For the AAA tool to run, you'll need to provide both a training and test set. Both sets should be in the form:

data_split = [list of posts, list of labels, list of any extra information your model might use]

Therefore, the i^th element of each list will contain information regarding the i^th instance in the split. Labels are assumed to be binary, with 1 corresponding to the abusive class, and 0 to the non-abusive class.

Replicating the Experiments from the AAA Paper

For details on how to replicate the experiments in the AAA paper, click here.

Setup

Within the Adversifier directory run the following command:

./setup.sh

If willing to replicate our results with the BERT_MOZ or BERT_KEN models, you'll need to install the transformers library:

pip3 install transformers

All the files' paths (e.g., data files, models' checkpoints) are specified within the info/info.py file. Customise this file to meet your needs.

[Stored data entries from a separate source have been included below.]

fun iter_partial :: "bool list \<Rightarrow> (real \<times> real \<Rightarrow> 'a::real_normed_vector) \<Rightarrow> real \<times> real \<Rightarrow> 'a" where
  "iter_partial [] g = g"
| "iter_partial (b # bs) g = (if b then dL else dR) (iter_partial bs g)"

text \<open>C-infinity on an open set: all iterated partial derivatives exist and are
  (Frechet) differentiable, hence continuous.\<close>
definition smooth_on :: "(real \<times> real) set \<Rightarrow> (real \<times> real \<Rightarrow> 'a::real_normed_vector) \<Rightarrow> bool" where
  "smooth_on \<Omega> g \<longleftrightarrow> (\<forall>bs. \<forall>p\<in>\<Omega>. iter_partial bs g differentiable (at p))"

definition cdot :: "complex^'n \<Rightarrow> complex^'n \<Rightarrow> complex" where
  "cdot u v = (\<Sum>i\<in>UNIV. cnj (u $ i) * v $ i)"

definition outer :: "complex^'n \<Rightarrow> complex^'n \<Rightarrow> complex^'n^'n" where
  "outer u v = (\<chi> i j. u $ i * cnj (v $ j))"

definition projP :: "complex^'n \<Rightarrow> complex^'n^'n" where
  "projP f = mat 1 - (\<chi> i j. outer f f $ i $ j / cdot f f)"

definition comm :: "complex^'n^'n \<Rightarrow> complex^'n^'n \<Rightarrow> complex^'n^'n" where
  "comm A B = A ** B - B ** A"

definition su_mat :: "complex^'n^'n \<Rightarrow> bool" where
  "su_mat A \<longleftrightarrow> (\<forall>i j. A $ i $ j = - cnj (A $ j $ i)) \<and> trace A = 0"

text \<open>Scalar product (A,B) = -1/2 tr(AB) on su(N) (kept complex-valued; it is real on su(N)).\<close>
definition su_inner :: "complex^'n^'n \<Rightarrow> complex^'n^'n \<Rightarrow> complex" where
  "su_inner A B = - trace (A ** B) / 2"

definition lin_indep3 :: "complex^'n \<Rightarrow> complex^'n \<Rightarrow> complex^'n \<Rightarrow> bool" where
  "lin_indep3 u v w \<longleftrightarrow> (\<forall>a b c::complex. a *s u + b *s v + c *s w = 0 \<longrightarrow> a = 0 \<and> b = 0 \<and> c = 0)"

end

theory Submission
  imports Defs
begin

(* At a point put x = f, v = d_L f, w = d_R f, and a = P v, c = - P w; both a and c are
   orthogonal to x.  Differentiating P = 1 - x x^+ / (x^+ x) and commuting with P gives
   [d P, P] = ((P dx) x^+ - x (P dx)^+) / (x^+ x), so d_L X and d_R X are the skew matrices
   built in this way from a and c.  A trace computation shows that the scalar product of two
   such matrices is Re (a^+ c) / (x^+ x), i.e. the real inner product of a and c in
   C^N = R^2N divided by |x|^2.  Hence the induced metric is a scaled Gram matrix of a and c:
   positive semidefinite by Cauchy-Schwarz, and definite unless a and c are real-linearly
   dependent, which either of the two extra conditions excludes.  The computation is pointwise. *)

lemma cnj_cdot: "cnj (cdot u v) = cdot v u"
  unfolding cdot_def by (simp add: mult.commute)

lemma Re_cdot: "Re (cdot u v) = u \<bullet> v"
  unfolding cdot_def inner_vec_def inner_complex_def by simp

lemma cdot_self: "cdot z z = complex_of_real (z \<bullet> z)"
  by (simp add: complex_eq_iff Re_cdot) (simp add: cdot_def algebra_simps)

lemma cdot_self_eq_0_iff [simp]: "cdot z z = 0 \<longleftrightarrow> z = 0"
  by (simp add: cdot_self)

lemma cdot_diff_left: "cdot (u - v) w = cdot u w - cdot v w"
  unfolding cdot_def by (simp add: algebra_simps sum_subtractf)

lemma cdot_diff_right: "cdot u (v - w) = cdot u v - cdot u w"
  unfolding cdot_def by (simp add: algebra_simps sum_subtractf)

lemma cdot_smult_left: "cdot (c *s u) v = cnj c * cdot u v"
  unfolding cdot_def by (simp add: algebra_simps sum_distrib_left)

lemma cdot_smult_right: "cdot u (c *s v) = c * cdot u v"
  unfolding cdot_def by (simp add: algebra_simps sum_distrib_left)

lemma cdot_scaleR_left: "cdot (r *\<^sub>R u) v = of_real r * cdot u v"
  unfolding cdot_def vector_scaleR_component
  by (simp add: scaleR_conv_of_real sum_distrib_left algebra_simps)

lemma cdot_minus_left [simp]: "cdot (- u) v = - cdot u v"
  unfolding cdot_def by (simp add: sum_negf)

lemma cdot_minus_right [simp]: "cdot u (- v) = - cdot u v"
  unfolding cdot_def by (simp add: sum_negf)

lemma cdot_0_right [simp]: "cdot u 0 = 0"
  by (simp add: cdot_def)

lemma projP_nth: "projP x $ i $ j = (if i = j then 1 else 0) - x$i * cnj (x$j) / cdot x x"
  unfolding projP_def by (simp add: mat_def outer_def)

lemma projP_mult_vec: "projP x *v v = v - (cdot x v / cdot x x) *s x"
proof -
  have "(projP x *v v) $ i = (\<Sum>j\<in>UNIV. (if i = j then v$j else 0) - x$i * (cnj (x$j) * v$j) / cdot x x)" for i
    unfolding matrix_vector_mult_def projP_nth by (auto intro!: sum.cong simp: algebra_simps)
  then show ?thesis
    by (simp add: vec_eq_iff sum_subtractf sum_divide_distrib[symmetric]
        sum_distrib_left[symmetric] cdot_def)
qed

lemma cdot_projP_right_eq_0: "x \<noteq> 0 \<Longrightarrow> cdot x (projP x *v z) = 0"
  by (simp add: projP_mult_vec cdot_diff_right cdot_smult_right)

lemma cdot_projP_right: "x \<noteq> 0 \<Longrightarrow> cdot y (projP x *v z) = cdot (projP x *v y) (projP x *v z)"
  by (simp add: projP_mult_vec[of x y] cdot_diff_left cdot_smult_left cdot_projP_right_eq_0)

lemma matrix_mult_projP_nth:
  "(M ** projP x) $ i $ j = M$i$j - (M *v x)$i * cnj (x$j) / cdot x x"
proof -
  have "(M ** projP x) $ i $ j
      = (\<Sum>k\<in>UNIV. (if k = j then M$i$k else 0) - M$i$k * x$k * cnj (x$j) / cdot x x)"
    unfolding matrix_matrix_mult_def projP_nth vec_lambda_beta
    by (rule sum.cong) (simp_all add: right_diff_distrib)
  then show ?thesis
    unfolding sum_subtractf sum_divide_distrib[symmetric] sum_distrib_right[symmetric]
    by (simp add: matrix_vector_mult_def)
qed

lemma projP_matrix_mult_nth:
  "(projP x ** M) $ i $ j = M$i$j - x$i * (\<Sum>k\<in>UNIV. cnj (x$k) * M$k$j) / cdot x x"
proof -
  have "(projP x ** M) $ i $ j
      = (\<Sum>k\<in>UNIV. (if i = k then M$k$j else 0) - x$i * (cnj (x$k) * M$k$j) / cdot x x)"
    unfolding matrix_matrix_mult_def projP_nth vec_lambda_beta
    by (rule sum.cong) (simp_all add: left_diff_distrib mult.assoc)
  then show ?thesis
    unfolding sum_subtractf sum_divide_distrib[symmetric] sum_distrib_left[symmetric] by simp
qed

lemma has_vector_derivative_vec_nth:
  fixes g :: "real \<Rightarrow> 'a::real_normed_vector^'n"
  assumes "(g has_vector_derivative D) F"
  shows "((\<lambda>t. g t $ i) has_vector_derivative D $ i) F"
  using bounded_linear.has_vector_derivative[OF bounded_linear_vec_nth assms] .

lemma has_vector_derivative_vec:
  fixes g :: "real \<Rightarrow> 'a::real_normed_vector^'n"
  assumes "\<And>i. ((\<lambda>t. g t $ i) has_vector_derivative D $ i) F"
  shows "(g has_vector_derivative D) F"
proof -
  let ?t0 = "Lim F (\<lambda>t. t)"
  have "((\<lambda>t. ((g t - g ?t0) - (t - ?t0) *\<^sub>R D) /\<^sub>R norm (t - ?t0)) \<longlongrightarrow> 0) F"
  proof (rule vec_tendstoI)
    fix i
    show "((\<lambda>t. (((g t - g ?t0) - (t - ?t0) *\<^sub>R D) /\<^sub>R norm (t - ?t0)) $ i) \<longlongrightarrow> 0 $ i) F"
      using assms[of i] unfolding has_vector_derivative_def has_derivative_def by simp
  qed
  then show ?thesis
    unfolding has_vector_derivative_def has_derivative_def by (simp add: bounded_linear_scaleR_left)
qed

lemma has_vector_derivative_inverse:
  fixes u :: "real \<Rightarrow> 'a::real_normed_field"
  assumes "(u has_vector_derivative u') (at t within S)" "u t \<noteq> 0"
  shows "((\<lambda>t. inverse (u t)) has_vector_derivative - (u' / (u t)\<^sup>2)) (at t within S)"
proof -
  have "((\<lambda>t. inverse (u t)) has_derivative (\<lambda>h. - (inverse (u t) * (h *\<^sub>R u') * inverse (u t))))
      (at t within S)"
    using Deriv.has_derivative_inverse[OF assms(2) assms(1)[unfolded has_vector_derivative_def]] .
  moreover have "(\<lambda>h. - (inverse (u t) * (h *\<^sub>R u') * inverse (u t))) = (\<lambda>h. h *\<^sub>R (- (u' / (u t)\<^sup>2)))"
    using assms(2) by (auto simp: scaleR_conv_of_real field_simps power2_eq_square)
  ultimately show ?thesis by (simp add: has_vector_derivative_def)
qed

Computing the AAA score for the supported models

To replicate the experiments reported in the AAA paper, download the data files and models' checkpoints as described below, and run the following command:

python3 main.py

Datasets

For the AAA tool to run, you'll need to provide both a training and test set. Both sets should be in the form:

data_split = [list of posts, list of labels, list of any extra information your model might use]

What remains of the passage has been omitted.